Some vegetables lose their bitterness when cooked lightly but get a more intense flavour if they’re overcooked. All of the cruciferous (broccoli, cauliflower, cabbage, kale, etc) are best when lightly steamed or stir-fried.
- Sauces and Dressings
A delicious sauce or dressing is immensely helpful in creating an irresistible vegetable dish, whether you’re eating raw or properly cooked vegetables. There’s no substitute for balsamic vinegar, which makes for a slightly sweet dressing. Mixed with olive oil and a pinch of salt makes a basic dressing. For a richer flavour try adding some crushed garlic, herbs and a bit of pureed raspberries, leaving it to marinate in the fridge. For a rich, creamy dressing without dairy, puree some avocado with water, a pinch of salt and whatever seasonings you like. If you like Asian flavours, a dressing of rice vinegar, tamari and a touch of sesame oil is wonderful. To make an amazing peanut dipping sauce for steamed vegetables or a stir-fry, add natural peanut butter or nut butter with a bit of water, rice vinegar and tamari. For even more taste add sesame oil and the juice from grated ginger. A red (tomato-based) sauce can be used for spaghetti, or over rice, or add some vegetables to the sauce. Another great sauce can be made with white cannellini beans, sautéed onion and garlic and a pinch of salt, for a filling, yet reduced-fat, creamy sauce for pasta or sautéed vegetables.
- Use a Sweet Flavour
Sweetness can’t neutralize bitterness but can enhance the sweet flavour. Use a small amount of maple syrup in salad dressing to help balance the flavours. Add fruit, like apples, oranges, mangos or dried cranberries to the salad.
- Choose your Vegetables
Some vegetables are sweeter and/or less bitter than others. Sweet potatoes, carrots, beetroots, butternut pumpkin and other root vegetables, have more sugars than other vegetables so they’re usually well-received. Try the stems of broccoli in a stir-fry, they have much less bite than the florets and remember red and yellow capsicums are much sweeter than green ones. Young vegetables are also softer in flavour, so baby spinach, zucchini and others can taste better that the fully-grown versions.

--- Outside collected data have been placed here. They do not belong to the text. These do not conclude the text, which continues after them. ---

lemma cmp_choice_number_bounds_if_large:
  fixes s :: nat and n :: "nat \<Rightarrow> nat" and t e :: real
  defines "L \<equiv> log 2 (real (n s))"
  assumes "1 \<le> s" "2 \<le> n 0" and sorted: "\<And>i. i \<le> s \<Longrightarrow> n 0 \<le> n i \<and> n i \<le> n s"
    and sum_eq: "(\<Sum>i\<le>s. real (n i) powr (- t)) = real s"
    and log_n0: "2 * sqrt L \<le> log 2 (n 0)" and "0 < e" "e \<le> 1 / 4"
    and large: "8 * ln (real s + 1) * (L / log 2 (1 + 1 / real s))^2 < 2 powr (e * sqrt L)"
      "(real s + 1) * 2 powr (- (2 * e * sqrt L)) < 1" "1 / (2 * sqrt L) < e"
  shows "1 - e < real (ch_complete_multipartite s n) * t
    \<and> real (ch_complete_multipartite s n) * t < 1 + 2 * e"
proof -
  define c where "c = log 2 (1 + 1 / real s)"
  have "0 < t" and t_n0: "t * log 2 (n 0) \<le> c" and t_ns: "c \<le> t * L"
    using log_bounds_of_sum_powr_eq[of s n t] assms(2,3) sorted sum_eq unfolding c_def L_def
    by auto
  have "0 < c" "c \<le> 1"
    using assms(2) unfolding c_def by (simp_all add: field_simps)
  have "1 \<le> L"
    using assms(3) sorted[of s] unfolding L_def by simp
  then have "1 \<le> sqrt L"
    by simp
  then have "0 < log 2 (n 0)"
    using log_n0 by linarith
  have n0_powr: "real (n 0) powr a = 2 powr (a * log 2 (n 0))" for a
    using assms(3) by (simp add: powr_def log_def)
  show ?thesis
  proof (rule cmp_choice_number_bounds[OF assms(2,3) _ sum_eq \<open>0 < t\<close> assms(7,8)])
    show "n 0 \<le> n i" if "i \<le> s" for i
      using sorted[OF that] by simp
    have "t \<le> 1 / log 2 (n 0)"
      using t_n0 \<open>c \<le> 1\<close> \<open>0 < log 2 (n 0)\<close> by (simp add: field_simps)
    also have "\<dots> \<le> 1 / (2 * sqrt L)"
      using log_n0 \<open>1 \<le> sqrt L\<close> \<open>0 < log 2 (n 0)\<close> by (intro divide_left_mono) (auto intro: mult_pos_pos)
    finally show "t < e"
      using large(3) by linarith
    have "real (n 0) powr (- e) \<le> 2 powr (- (2 * e * sqrt L))"
      unfolding n0_powr using log_n0 \<open>0 < e\<close> by (intro powr_mono) auto
    then have "(real s + 1) * real (n 0) powr (- e) \<le> (real s + 1) * 2 powr (- (2 * e * sqrt L))"
      by (intro mult_left_mono) auto
    then show "(real s + 1) * real (n 0) powr (- e) < 1"
      using large(2) by linarith
    have "1 / t \<le> L / c"
      using t_ns \<open>0 < t\<close> \<open>0 < c\<close> by (simp add: field_simps)
    then have "8 * ln (real s + 1) * (1 / t)^2 \<le> 8 * ln (real s + 1) * (L / c)^2"
      using \<open>0 < t\<close> by (intro mult_left_mono power_mono) auto
    also have "\<dots> < 2 powr (e * sqrt L)"
      using large(1) unfolding c_def .
    also have "\<dots> \<le> real (n 0) powr (e / 2)"
      unfolding n0_powr using log_n0 \<open>0 < e\<close> by (intro powr_mono) auto
    finally show "8 * ln (real s + 1) * (1 / t)^2 < real (n 0) powr (e / 2)" .
  qed
qed

definition sufficiently_large :: "nat \<Rightarrow> real \<Rightarrow> real \<Rightarrow> bool" where
  "sufficiently_large s e L \<longleftrightarrow> 2 \<le> L
    \<and> 8 * ln (real s + 1) * (L / log 2 (1 + 1 / real s))^2 < 2 powr (e * sqrt L)
    \<and> (real s + 1) * 2 powr (- (2 * e * sqrt L)) < 1 \<and> 1 / (2 * sqrt L) < e"

lemma eventually_sufficiently_large:
  assumes "1 \<le> s" "0 < e"
  shows "eventually (sufficiently_large s e) at_top"
proof -
  have "eventually (\<lambda>L. 2 \<le> L \<and> 8 * ln (real s + 1) * (L / c)^2 < 2 powr (e * sqrt L)
      \<and> (real s + 1) * 2 powr (- (2 * e * sqrt L)) < 1 \<and> 1 / (2 * sqrt L) < e) at_top"
    if "0 < c" for c :: real
    using that assms(2) by (intro eventually_conj; real_asymp)
  moreover have "0 < log 2 (1 + 1 / real s)"
    using assms(1) by (simp add: field_simps)
  ultimately show ?thesis
    unfolding sufficiently_large_def by blast
qed

lemma cmp_choice_number_bounds_of_root:
  fixes s :: nat and n :: "nat \<Rightarrow> nat" and x \<alpha> e :: real
  defines "L \<equiv> log 2 (real (n s))"
  assumes "1 \<le> s" "2 \<le> n 0" and mono: "\<forall>i<s. n i \<le> n (Suc i)"
    and n0_size: "2 * sqrt (L / log 2 L) \<le> \<alpha>" "real (n 0) = L powr \<alpha>"
    and root: "1 \<le> x" "real s * x - 1
      - (\<Sum>j<s. x powr ((log 2 (n s) / log 2 (n j) - 1) / (log 2 (n s) / log 2 (n j)))) = 0"
    and "0 < e" "e \<le> 1 / 4" and large: "sufficiently_large s e L"
  shows "1 - e < real (ch_complete_multipartite s n) * (log 2 x / L)
    \<and> real (ch_complete_multipartite s n) * (log 2 x / L) < 1 + 2 * e"
proof -
  have step: "n j \<le> n (Suc j)" if "j \<in> {..<s}" for j
    using mono that by simp
  have sorted: "n 0 \<le> n i \<and> n i \<le> n s" if "i \<le> s" for i
  proof
    show "n 0 \<le> n i"
      by (rule lift_Suc_mono_le_ivl[of "{..<s}" n, OF step]) (use that in auto)
    show "n i \<le> n s"
      by (rule lift_Suc_mono_le_ivl[of "{..<s}" n, OF step]) (use that in auto)
  qed
  then have "2 \<le> n i" if "i \<le> s" for i
    using that assms(3) by (meson le_trans)
  then have "(\<Sum>i\<le>s. real (n i) powr (- (log 2 x / L))) = real s"
    unfolding L_def using root by (intro sum_powr_eq_of_root)
  moreover have "2 * sqrt L \<le> log 2 (n 0)"
    using two_sqrt_le_log2_powr n0_size large unfolding sufficiently_large_def by simp
  ultimately show ?thesis
    using assms(2,3) sorted \<open>0 < e\<close> \<open>e \<le> 1 / 4\<close> large unfolding L_def sufficiently_large_def
    by (intro cmp_choice_number_bounds_if_large) auto
qed
lemma fine_potential_exp_lower_bound:
  assumes "fine_potential M A \<theta> \<alpha> \<phi> \<kappa> F"
  obtains cf where "\<And>e. 0 < cf e" "AE x in M. \<forall>e. \<forall>\<omega>\<in>cyl A \<theta> x [e]. cf e \<le> exp (\<phi> x \<omega>)"
proof -
  have bounds: "\<forall>e. \<exists>c C. 0 < c \<and> c < C \<and> (AE x in M. \<forall>\<omega>\<in>cyl A \<theta> x [e].
          c \<le> exp (\<phi> x \<omega>) \<and> exp (\<phi> x \<omega>) \<le> C)"
    using assms unfolding fine_potential_def summable_potential_def by (elim conjE)
  have "\<forall>e. \<exists>c. 0 < c \<and> (AE x in M. \<forall>\<omega>\<in>cyl A \<theta> x [e]. c \<le> exp (\<phi> x \<omega>))"
  proof
    fix e
    obtain c C where "0 < c" "AE x in M. \<forall>\<omega>\<in>cyl A \<theta> x [e]. c \<le> exp (\<phi> x \<omega>) \<and> exp (\<phi> x \<omega>) \<le> C"
      using bounds by blast
    then show "\<exists>c. 0 < c \<and> (AE x in M. \<forall>\<omega>\<in>cyl A \<theta> x [e]. c \<le> exp (\<phi> x \<omega>))"
      by (auto elim!: eventually_mono)
  qed
  from choice[OF this] obtain cf
    where "\<And>e. 0 < cf e" "\<And>e. AE x in M. \<forall>\<omega>\<in>cyl A \<theta> x [e]. cf e \<le> exp (\<phi> x \<omega>)"
    by blast
  then show thesis by (intro that[of cf]) (simp_all add: AE_all_countable)
qed

lemma fine_potential_transfer_decay:
  fixes \<epsilon> :: "nat \<Rightarrow> real"
  assumes "fine_potential M A \<theta> \<alpha> \<phi> \<kappa> F" "\<And>a. 0 < \<epsilon> a"
  obtains K where "AE x in M. \<forall>a e. K a \<le> e \<longrightarrow>
    (\<forall>\<omega>\<in>cyl A \<theta> (\<theta> x) [e]. LopE A \<phi> x (\<lambda>_. 1) \<omega> \<le> ennreal (\<epsilon> a))"
proof -
  have decay: "\<forall>\<epsilon>>0. \<exists>e0. \<forall>e\<ge>e0. AE x in M. \<forall>\<omega>\<in>cyl A \<theta> (\<theta> x) [e]. LopE A \<phi> x (\<lambda>_. 1) \<omega> \<le> ennreal \<epsilon>"
    using assms(1) unfolding fine_potential_def by (elim conjE)
  have "\<forall>a. \<exists>e0. \<forall>e\<ge>e0. AE x in M. \<forall>\<omega>\<in>cyl A \<theta> (\<theta> x) [e]. LopE A \<phi> x (\<lambda>_. 1) \<omega> \<le> ennreal (\<epsilon> a)"
    using decay assms(2) by blast
  from choice[OF this] obtain K where K: "\<And>a e. K a \<le> e \<Longrightarrow>
      AE x in M. \<forall>\<omega>\<in>cyl A \<theta> (\<theta> x) [e]. LopE A \<phi> x (\<lambda>_. 1) \<omega> \<le> ennreal (\<epsilon> a)"
    by blast
  have "AE x in M. K a \<le> e \<longrightarrow>
      (\<forall>\<omega>\<in>cyl A \<theta> (\<theta> x) [e]. LopE A \<phi> x (\<lambda>_. 1) \<omega> \<le> ennreal (\<epsilon> a))" for a e
    using K by (cases "K a \<le> e") simp_all
  then show thesis by (intro that[of K]) (simp add: AE_all_countable)
qed
(* Let $a_2>0$ and consider the two-link parallel network with unit demand and latencies $\ell_1(x_1)=x_1$, $\ell_2(x_2)=a_2x_2$. Then every $t\in\mathcal{T}(\infty)$ equals $t=\left(\frac{2a_2+1}{3},\frac{a_2+2}{3}\right)$, and for this $t$, $$\frac{C(x(t))}{C(x^* )}=\frac{a_2^2+7a_2+1}{9a_2},$$ where $x^*$ is the optimal flow. In particular this ratio tends to $\infty$ as $a_2\to\infty$.
   Context: Flows $x\in\mathbb{R}^2_+$ with $x_1+x_2=1$; $C(x)=\sum_i\ell_i(x_i)x_i$; $x^*$ minimizes $C$. For tolls $t\in\mathbb{R}^2_+$, $x(t)$ is the unique Wardrop equilibrium for $t$ (for all $i,j$ with $x_i>0$: $\ell_i(x_i)+t_i\le\ell_j(x_j)+t_j$). Profit $\Pi_i(t)=t_ix_i(t)$. $\mathcal{T}(\infty)$: the set of toll vectors $t\in\mathbb{R}^2_+$ such that for every $i$ and every $t'_i\ge0$, $\Pi_i(t_i,t_{-i})\ge\Pi_i(t'_i,t_{-i})$ (flow recomputed). *)

theory Defs
  imports "HOL-Analysis.Analysis"
begin

definition lat :: "real \<Rightarrow> 2 \<Rightarrow> real \<Rightarrow> real" where
  "lat a2 i y = (if i = 1 then y else a2 * y)"

definition feasible :: "real^2 \<Rightarrow> bool" where
  "feasible x \<longleftrightarrow> (\<forall>i. x$i \<ge> 0) \<and> x$1 + x$2 = 1"

definition total_cost :: "real \<Rightarrow> real^2 \<Rightarrow> real" where
  "total_cost a2 x = (\<Sum>i\<in>UNIV. lat a2 i (x$i) * x$i)"

definition is_opt :: "real \<Rightarrow> real^2 \<Rightarrow> bool" where
  "is_opt a2 x \<longleftrightarrow> feasible x \<and> (\<forall>y. feasible y \<longrightarrow> total_cost a2 x \<le> total_cost a2 y)"

definition opt_flow :: "real \<Rightarrow> real^2" where
  "opt_flow a2 = (THE x. is_opt a2 x)"

definition wardrop :: "real \<Rightarrow> real^2 \<Rightarrow> real^2 \<Rightarrow> bool" where
  "wardrop a2 t x \<longleftrightarrow> feasible x \<and>
     (\<forall>i j. x$i > 0 \<longrightarrow> lat a2 i (x$i) + t$i \<le> lat a2 j (x$j) + t$j)"

definition eq_flow :: "real \<Rightarrow> real^2 \<Rightarrow> real^2" where
  "eq_flow a2 t = (THE x. wardrop a2 t x)"

definition profit :: "real \<Rightarrow> 2 \<Rightarrow> real^2 \<Rightarrow> real" where
  "profit a2 i t = t$i * (eq_flow a2 t)$i"

definition vupd :: "real^2 \<Rightarrow> 2 \<Rightarrow> real \<Rightarrow> real^2" where
  "vupd t i v = (\<chi> j. if j = i then v else t$j)"

text \<open>T(infinity): toll vectors that are Nash equilibria of the pricing game.\<close>
definition toll_NE :: "real \<Rightarrow> (real^2) set" where
  "toll_NE a2 = {t. (\<forall>i. t$i \<ge> 0) \<and>
     (\<forall>i t'. t' \<ge> 0 \<longrightarrow> profit a2 i t \<ge> profit a2 i (vupd t i t'))}"

end

theory Submission
  imports Defs "HOL-Real_Asymp.Real_Asymp"
begin

text \<open>With toll difference \<open>d = t\<^sub>1 - t\<^sub>2\<close>, the Wardrop equilibrium sends the share
  \<open>(a\<^sub>2 - d) / (1 + a\<^sub>2)\<close>, clamped to \<open>[0, 1]\<close>, over link 1. As long as that share is
  strictly between 0 and 1, each operator's profit is a concave quadratic in its own toll,
  \<open>t\<^sub>1 (a\<^sub>2 + t\<^sub>2 - t\<^sub>1)\<close> resp. \<open>t\<^sub>2 (1 + t\<^sub>1 - t\<^sub>2)\<close> up to the factor \<open>1 / (1 + a\<^sub>2)\<close>, and both
  profits can be made positive, which forces any toll equilibrium to be interior. The
  first-order conditions \<open>a\<^sub>2 + t\<^sub>2 = 2 t\<^sub>1\<close> and \<open>1 + t\<^sub>1 = 2 t\<^sub>2\<close> then determine the tolls, and
  the cost ratio is a direct computation against the optimum \<open>x\<^sup>* = (a\<^sub>2, 1) / (1 + a\<^sub>2)\<close>.\<close>

definition split_flow :: "real \<Rightarrow> real^2" where
  "split_flow s = (\<chi> i. if i = 1 then s else 1 - s)"

definition link1_share :: "real \<Rightarrow> real \<Rightarrow> real" where
  "link1_share a d = max 0 (min 1 ((a - d) / (1 + a)))"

If all else fails and the habit of not liking vegetables is winning, try camouflaging vegetables. Blend veggies into soups – pumpkin or sweet potato make great soups. Blend veggies into tomato sauce, or a bean dip or even try adding some to a fruit smoothie. Carrot cake and zucchini loaves, made thoughtfully with low levels of sugar and fat, can get your daily intake up, as can pumpkin muffins, beetroot chocolate cake or sweet potato biscuits.
So, here is your Vegie Resistance Summary
- Use of salt. A small amount of salt draws the flavour out of food.
- Marinating. Use things like tamari and vinegar on veggies for 15 minutes.
- Cooking methods. Cooking methods such as roasting and stir-frying enhance flavours.
- Sauces and dressings. There are many ingredients to add to your sauces. Try them!
- Use of the sweet flavour. Use a little honey or fruit to make a dish taste great.
- Choice of vegetables. Sweet vegetables such as beetroots, carrots, and red capsicum can make a dish taste better.
- Camouflage. When all else fails blend vegetables into soups and smoothies.
I hope those ideas have helped you add more veggies to your day and help reduce overall calories, help with hydration and add all important fibre to your diet! Enjoy!